*** Opening DATA SHOWN ***
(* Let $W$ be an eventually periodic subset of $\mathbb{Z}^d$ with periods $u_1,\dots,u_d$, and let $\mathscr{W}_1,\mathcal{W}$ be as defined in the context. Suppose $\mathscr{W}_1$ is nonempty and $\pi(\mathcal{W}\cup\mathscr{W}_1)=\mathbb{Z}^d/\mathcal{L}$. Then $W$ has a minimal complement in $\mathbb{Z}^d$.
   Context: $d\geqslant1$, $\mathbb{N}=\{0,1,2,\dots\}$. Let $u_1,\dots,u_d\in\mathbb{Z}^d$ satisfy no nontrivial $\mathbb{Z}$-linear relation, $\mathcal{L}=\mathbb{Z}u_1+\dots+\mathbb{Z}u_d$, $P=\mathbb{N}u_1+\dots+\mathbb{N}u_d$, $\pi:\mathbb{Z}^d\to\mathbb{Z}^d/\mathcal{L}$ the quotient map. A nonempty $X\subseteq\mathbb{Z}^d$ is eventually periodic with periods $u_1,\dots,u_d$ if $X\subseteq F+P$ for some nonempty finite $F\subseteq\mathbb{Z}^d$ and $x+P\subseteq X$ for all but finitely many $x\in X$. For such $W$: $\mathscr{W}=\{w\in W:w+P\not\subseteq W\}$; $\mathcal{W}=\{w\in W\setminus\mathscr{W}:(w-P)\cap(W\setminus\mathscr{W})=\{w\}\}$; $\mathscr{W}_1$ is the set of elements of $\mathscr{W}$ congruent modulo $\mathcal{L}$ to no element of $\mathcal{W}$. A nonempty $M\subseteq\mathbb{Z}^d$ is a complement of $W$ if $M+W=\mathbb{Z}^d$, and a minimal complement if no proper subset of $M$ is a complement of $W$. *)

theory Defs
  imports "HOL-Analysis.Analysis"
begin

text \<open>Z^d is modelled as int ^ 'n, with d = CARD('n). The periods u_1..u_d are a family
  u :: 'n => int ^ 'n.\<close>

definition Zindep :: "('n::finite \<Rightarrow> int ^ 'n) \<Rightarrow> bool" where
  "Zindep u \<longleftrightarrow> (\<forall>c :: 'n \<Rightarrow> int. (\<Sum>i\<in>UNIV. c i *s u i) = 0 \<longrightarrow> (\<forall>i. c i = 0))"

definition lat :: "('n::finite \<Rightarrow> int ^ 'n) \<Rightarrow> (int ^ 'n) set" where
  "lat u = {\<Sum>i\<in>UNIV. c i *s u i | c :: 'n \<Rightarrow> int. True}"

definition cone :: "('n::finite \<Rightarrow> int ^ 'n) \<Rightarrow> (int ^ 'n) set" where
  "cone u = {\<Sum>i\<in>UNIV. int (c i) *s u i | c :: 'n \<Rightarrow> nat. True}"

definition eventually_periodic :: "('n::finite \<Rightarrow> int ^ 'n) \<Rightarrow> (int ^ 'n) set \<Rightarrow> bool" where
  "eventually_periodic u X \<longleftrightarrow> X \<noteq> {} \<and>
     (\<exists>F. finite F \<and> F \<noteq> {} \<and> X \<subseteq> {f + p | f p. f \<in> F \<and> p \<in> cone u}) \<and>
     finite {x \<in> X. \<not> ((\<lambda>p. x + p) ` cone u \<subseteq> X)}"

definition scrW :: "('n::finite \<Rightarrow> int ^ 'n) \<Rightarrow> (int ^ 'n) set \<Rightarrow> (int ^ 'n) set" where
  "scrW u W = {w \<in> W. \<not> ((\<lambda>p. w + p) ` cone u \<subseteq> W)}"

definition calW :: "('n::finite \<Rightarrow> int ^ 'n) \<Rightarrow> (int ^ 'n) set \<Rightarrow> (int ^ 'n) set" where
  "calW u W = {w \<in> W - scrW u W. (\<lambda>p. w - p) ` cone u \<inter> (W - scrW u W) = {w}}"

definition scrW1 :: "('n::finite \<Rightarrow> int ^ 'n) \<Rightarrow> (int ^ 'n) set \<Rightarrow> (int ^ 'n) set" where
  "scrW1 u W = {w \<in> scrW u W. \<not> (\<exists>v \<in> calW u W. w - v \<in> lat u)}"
*** Closing DATA SHOWN ***
*** Opening DATA SHOWN ***
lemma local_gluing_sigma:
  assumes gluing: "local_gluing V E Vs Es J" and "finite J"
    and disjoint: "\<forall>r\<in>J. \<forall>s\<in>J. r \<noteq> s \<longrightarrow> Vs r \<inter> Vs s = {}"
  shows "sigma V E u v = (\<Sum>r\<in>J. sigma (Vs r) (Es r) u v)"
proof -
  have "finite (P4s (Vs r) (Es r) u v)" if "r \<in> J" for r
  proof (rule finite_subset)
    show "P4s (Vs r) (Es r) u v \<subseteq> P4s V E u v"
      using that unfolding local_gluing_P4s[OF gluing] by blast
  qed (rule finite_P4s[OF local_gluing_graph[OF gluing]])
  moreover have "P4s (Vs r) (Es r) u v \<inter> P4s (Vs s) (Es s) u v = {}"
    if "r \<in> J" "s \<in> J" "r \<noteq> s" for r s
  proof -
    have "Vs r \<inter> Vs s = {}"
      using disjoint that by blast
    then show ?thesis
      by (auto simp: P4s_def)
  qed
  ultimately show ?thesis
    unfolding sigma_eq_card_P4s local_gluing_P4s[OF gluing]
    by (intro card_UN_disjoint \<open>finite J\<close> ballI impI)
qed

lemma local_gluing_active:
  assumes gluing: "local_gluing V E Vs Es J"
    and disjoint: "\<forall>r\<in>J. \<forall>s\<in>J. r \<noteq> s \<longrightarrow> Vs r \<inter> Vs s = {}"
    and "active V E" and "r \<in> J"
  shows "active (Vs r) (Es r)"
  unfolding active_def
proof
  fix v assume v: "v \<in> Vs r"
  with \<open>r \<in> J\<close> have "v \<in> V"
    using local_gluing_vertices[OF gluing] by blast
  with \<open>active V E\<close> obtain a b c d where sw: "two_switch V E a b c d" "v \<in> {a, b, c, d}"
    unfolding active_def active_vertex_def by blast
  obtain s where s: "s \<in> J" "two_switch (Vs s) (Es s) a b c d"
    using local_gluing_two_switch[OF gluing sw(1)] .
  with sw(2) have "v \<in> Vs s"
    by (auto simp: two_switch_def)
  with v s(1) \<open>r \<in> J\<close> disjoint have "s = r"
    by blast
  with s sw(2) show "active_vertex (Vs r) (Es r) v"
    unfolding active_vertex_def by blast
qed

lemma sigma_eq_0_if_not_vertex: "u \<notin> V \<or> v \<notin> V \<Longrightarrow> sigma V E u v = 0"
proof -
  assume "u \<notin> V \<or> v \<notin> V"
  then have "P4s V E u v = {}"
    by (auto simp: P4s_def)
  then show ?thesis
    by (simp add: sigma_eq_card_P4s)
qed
*** Closing DATA SHOWN ***
The response should be the listing above, limited to the lines between the one holding "u \<longleftrightarrow> (\<forall>c" and the one holding "W. \<not> ((\<lambda>p.", inclusive, reproduced exactly.

  "Zindep u \<longleftrightarrow> (\<forall>c :: 'n \<Rightarrow> int. (\<Sum>i\<in>UNIV. c i *s u i) = 0 \<longrightarrow> (\<forall>i. c i = 0))"

definition lat :: "('n::finite \<Rightarrow> int ^ 'n) \<Rightarrow> (int ^ 'n) set" where
  "lat u = {\<Sum>i\<in>UNIV. c i *s u i | c :: 'n \<Rightarrow> int. True}"

definition cone :: "('n::finite \<Rightarrow> int ^ 'n) \<Rightarrow> (int ^ 'n) set" where
  "cone u = {\<Sum>i\<in>UNIV. int (c i) *s u i | c :: 'n \<Rightarrow> nat. True}"

definition eventually_periodic :: "('n::finite \<Rightarrow> int ^ 'n) \<Rightarrow> (int ^ 'n) set \<Rightarrow> bool" where
  "eventually_periodic u X \<longleftrightarrow> X \<noteq> {} \<and>
     (\<exists>F. finite F \<and> F \<noteq> {} \<and> X \<subseteq> {f + p | f p. f \<in> F \<and> p \<in> cone u}) \<and>
     finite {x \<in> X. \<not> ((\<lambda>p. x + p) ` cone u \<subseteq> X)}"

definition scrW :: "('n::finite \<Rightarrow> int ^ 'n) \<Rightarrow> (int ^ 'n) set \<Rightarrow> (int ^ 'n) set" where
  "scrW u W = {w \<in> W. \<not> ((\<lambda>p. w + p) ` cone u \<subseteq> W)}"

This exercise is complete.